(Saved entries)
⁂

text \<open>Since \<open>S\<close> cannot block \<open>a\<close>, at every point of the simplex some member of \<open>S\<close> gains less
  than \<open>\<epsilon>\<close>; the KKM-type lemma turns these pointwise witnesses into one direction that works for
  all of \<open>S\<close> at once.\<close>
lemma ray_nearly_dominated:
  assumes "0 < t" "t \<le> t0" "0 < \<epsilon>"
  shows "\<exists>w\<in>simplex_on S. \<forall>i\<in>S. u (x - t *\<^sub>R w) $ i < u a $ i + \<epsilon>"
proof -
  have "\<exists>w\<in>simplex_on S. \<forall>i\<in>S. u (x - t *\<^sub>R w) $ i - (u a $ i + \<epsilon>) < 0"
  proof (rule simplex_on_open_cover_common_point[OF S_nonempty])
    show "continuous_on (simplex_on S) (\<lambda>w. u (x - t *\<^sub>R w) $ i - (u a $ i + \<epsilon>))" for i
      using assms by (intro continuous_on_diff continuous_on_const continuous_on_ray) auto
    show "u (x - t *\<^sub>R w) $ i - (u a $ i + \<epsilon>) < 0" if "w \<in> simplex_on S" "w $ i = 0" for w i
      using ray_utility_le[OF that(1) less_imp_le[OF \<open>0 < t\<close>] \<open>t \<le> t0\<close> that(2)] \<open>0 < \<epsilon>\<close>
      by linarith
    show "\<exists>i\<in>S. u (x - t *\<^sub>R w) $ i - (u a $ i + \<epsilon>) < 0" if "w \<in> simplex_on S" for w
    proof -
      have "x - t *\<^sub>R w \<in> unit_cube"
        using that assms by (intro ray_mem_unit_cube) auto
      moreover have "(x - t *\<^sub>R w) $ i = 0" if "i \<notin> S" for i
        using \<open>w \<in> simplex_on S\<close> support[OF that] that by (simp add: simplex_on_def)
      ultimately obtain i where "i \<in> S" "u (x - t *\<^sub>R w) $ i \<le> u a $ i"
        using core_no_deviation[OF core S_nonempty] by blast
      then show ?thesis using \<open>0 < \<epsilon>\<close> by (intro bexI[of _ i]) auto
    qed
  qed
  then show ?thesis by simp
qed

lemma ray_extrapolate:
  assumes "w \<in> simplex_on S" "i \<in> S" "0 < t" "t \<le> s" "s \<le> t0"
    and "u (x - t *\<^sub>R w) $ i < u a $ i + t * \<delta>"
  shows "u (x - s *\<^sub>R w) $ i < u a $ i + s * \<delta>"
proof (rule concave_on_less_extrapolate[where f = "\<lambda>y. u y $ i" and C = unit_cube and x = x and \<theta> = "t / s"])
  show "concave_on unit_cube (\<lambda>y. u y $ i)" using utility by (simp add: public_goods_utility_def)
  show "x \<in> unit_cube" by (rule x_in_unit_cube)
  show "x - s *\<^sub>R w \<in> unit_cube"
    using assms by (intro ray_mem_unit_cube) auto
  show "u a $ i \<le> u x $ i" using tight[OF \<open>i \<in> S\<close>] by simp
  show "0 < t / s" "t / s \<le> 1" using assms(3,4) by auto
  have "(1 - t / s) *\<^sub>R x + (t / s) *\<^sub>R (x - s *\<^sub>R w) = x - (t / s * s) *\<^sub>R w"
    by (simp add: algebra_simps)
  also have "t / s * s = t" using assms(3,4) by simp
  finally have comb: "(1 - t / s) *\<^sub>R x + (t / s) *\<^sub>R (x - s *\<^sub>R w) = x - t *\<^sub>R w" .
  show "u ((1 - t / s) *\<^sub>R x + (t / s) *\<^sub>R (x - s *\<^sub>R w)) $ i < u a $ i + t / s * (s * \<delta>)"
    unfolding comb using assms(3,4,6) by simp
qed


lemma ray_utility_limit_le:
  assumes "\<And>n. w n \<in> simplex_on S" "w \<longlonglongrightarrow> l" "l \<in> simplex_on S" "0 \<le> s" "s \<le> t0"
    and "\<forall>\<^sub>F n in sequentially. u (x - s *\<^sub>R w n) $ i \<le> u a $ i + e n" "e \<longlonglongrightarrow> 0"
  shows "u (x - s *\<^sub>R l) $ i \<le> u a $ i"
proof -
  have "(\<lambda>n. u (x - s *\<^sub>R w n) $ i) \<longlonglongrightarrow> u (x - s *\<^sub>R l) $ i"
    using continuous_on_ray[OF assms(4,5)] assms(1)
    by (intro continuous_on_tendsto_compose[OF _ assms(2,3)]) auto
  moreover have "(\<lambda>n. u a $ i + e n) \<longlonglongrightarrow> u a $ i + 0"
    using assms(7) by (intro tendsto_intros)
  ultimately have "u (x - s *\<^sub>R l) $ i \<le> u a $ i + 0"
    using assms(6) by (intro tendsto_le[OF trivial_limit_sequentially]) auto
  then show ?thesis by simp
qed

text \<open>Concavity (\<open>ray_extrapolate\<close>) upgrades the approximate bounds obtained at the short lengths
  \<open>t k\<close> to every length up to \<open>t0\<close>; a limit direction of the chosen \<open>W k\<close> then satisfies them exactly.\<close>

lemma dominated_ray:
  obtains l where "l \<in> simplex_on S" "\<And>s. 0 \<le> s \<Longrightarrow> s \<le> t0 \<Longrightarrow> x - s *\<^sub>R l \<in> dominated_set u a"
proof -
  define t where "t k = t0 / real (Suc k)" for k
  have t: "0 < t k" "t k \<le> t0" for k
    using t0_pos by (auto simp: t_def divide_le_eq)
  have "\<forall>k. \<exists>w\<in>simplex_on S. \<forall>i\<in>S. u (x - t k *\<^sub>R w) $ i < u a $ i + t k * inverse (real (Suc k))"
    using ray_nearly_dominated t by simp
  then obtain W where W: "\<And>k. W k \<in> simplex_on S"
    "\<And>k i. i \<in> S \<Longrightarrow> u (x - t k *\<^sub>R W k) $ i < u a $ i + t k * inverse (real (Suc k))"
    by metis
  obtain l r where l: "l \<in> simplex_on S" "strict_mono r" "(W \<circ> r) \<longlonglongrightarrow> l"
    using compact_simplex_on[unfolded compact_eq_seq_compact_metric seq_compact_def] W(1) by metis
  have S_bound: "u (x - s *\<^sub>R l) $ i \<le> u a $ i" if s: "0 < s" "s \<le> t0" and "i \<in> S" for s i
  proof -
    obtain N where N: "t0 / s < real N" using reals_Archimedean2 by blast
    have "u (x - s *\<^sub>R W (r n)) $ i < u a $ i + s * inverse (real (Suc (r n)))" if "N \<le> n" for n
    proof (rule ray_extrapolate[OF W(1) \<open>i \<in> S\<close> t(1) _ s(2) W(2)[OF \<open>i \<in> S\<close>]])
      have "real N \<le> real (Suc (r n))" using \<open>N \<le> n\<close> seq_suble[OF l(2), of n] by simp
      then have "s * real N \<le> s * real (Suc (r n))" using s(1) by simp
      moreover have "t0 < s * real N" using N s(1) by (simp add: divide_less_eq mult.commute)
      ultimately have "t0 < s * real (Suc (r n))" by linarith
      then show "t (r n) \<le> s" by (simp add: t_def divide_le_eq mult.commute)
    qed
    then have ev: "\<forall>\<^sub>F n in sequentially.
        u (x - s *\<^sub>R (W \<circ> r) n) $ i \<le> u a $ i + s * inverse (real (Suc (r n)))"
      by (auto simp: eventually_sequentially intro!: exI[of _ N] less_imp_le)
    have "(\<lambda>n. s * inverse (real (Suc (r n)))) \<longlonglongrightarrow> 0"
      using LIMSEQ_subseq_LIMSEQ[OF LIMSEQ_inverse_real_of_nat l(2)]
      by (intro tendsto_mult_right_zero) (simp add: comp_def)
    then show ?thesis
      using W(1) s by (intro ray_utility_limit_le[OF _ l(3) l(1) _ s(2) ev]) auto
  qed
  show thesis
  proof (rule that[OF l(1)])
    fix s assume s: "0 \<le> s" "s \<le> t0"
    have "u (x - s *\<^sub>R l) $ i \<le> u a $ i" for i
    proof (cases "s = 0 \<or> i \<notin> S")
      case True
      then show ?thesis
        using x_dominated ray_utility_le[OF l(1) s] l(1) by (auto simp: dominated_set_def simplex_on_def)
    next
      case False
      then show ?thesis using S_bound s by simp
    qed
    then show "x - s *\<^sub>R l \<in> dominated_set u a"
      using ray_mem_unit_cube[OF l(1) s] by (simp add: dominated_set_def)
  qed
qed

⁂

▸ TASK BRIEF
Could you print the lines of the records above from the one containing "show thesis" through the last, exactly and with no additions?

▸ OUTPUT FOR THIS TASK
  show thesis
  proof (rule that[OF l(1)])
    fix s assume s: "0 \<le> s" "s \<le> t0"
    have "u (x - s *\<^sub>R l) $ i \<le> u a $ i" for i
    proof (cases "s = 0 \<or> i \<notin> S")
      case True
      then show ?thesis
        using x_dominated ray_utility_le[OF l(1) s] l(1) by (auto simp: dominated_set_def simplex_on_def)
    next
      case False
      then show ?thesis using S_bound s by simp
    qed
    then show "x - s *\<^sub>R l \<in> dominated_set u a"
      using ray_mem_unit_cube[OF l(1) s] by (simp add: dominated_set_def)
  qed
qed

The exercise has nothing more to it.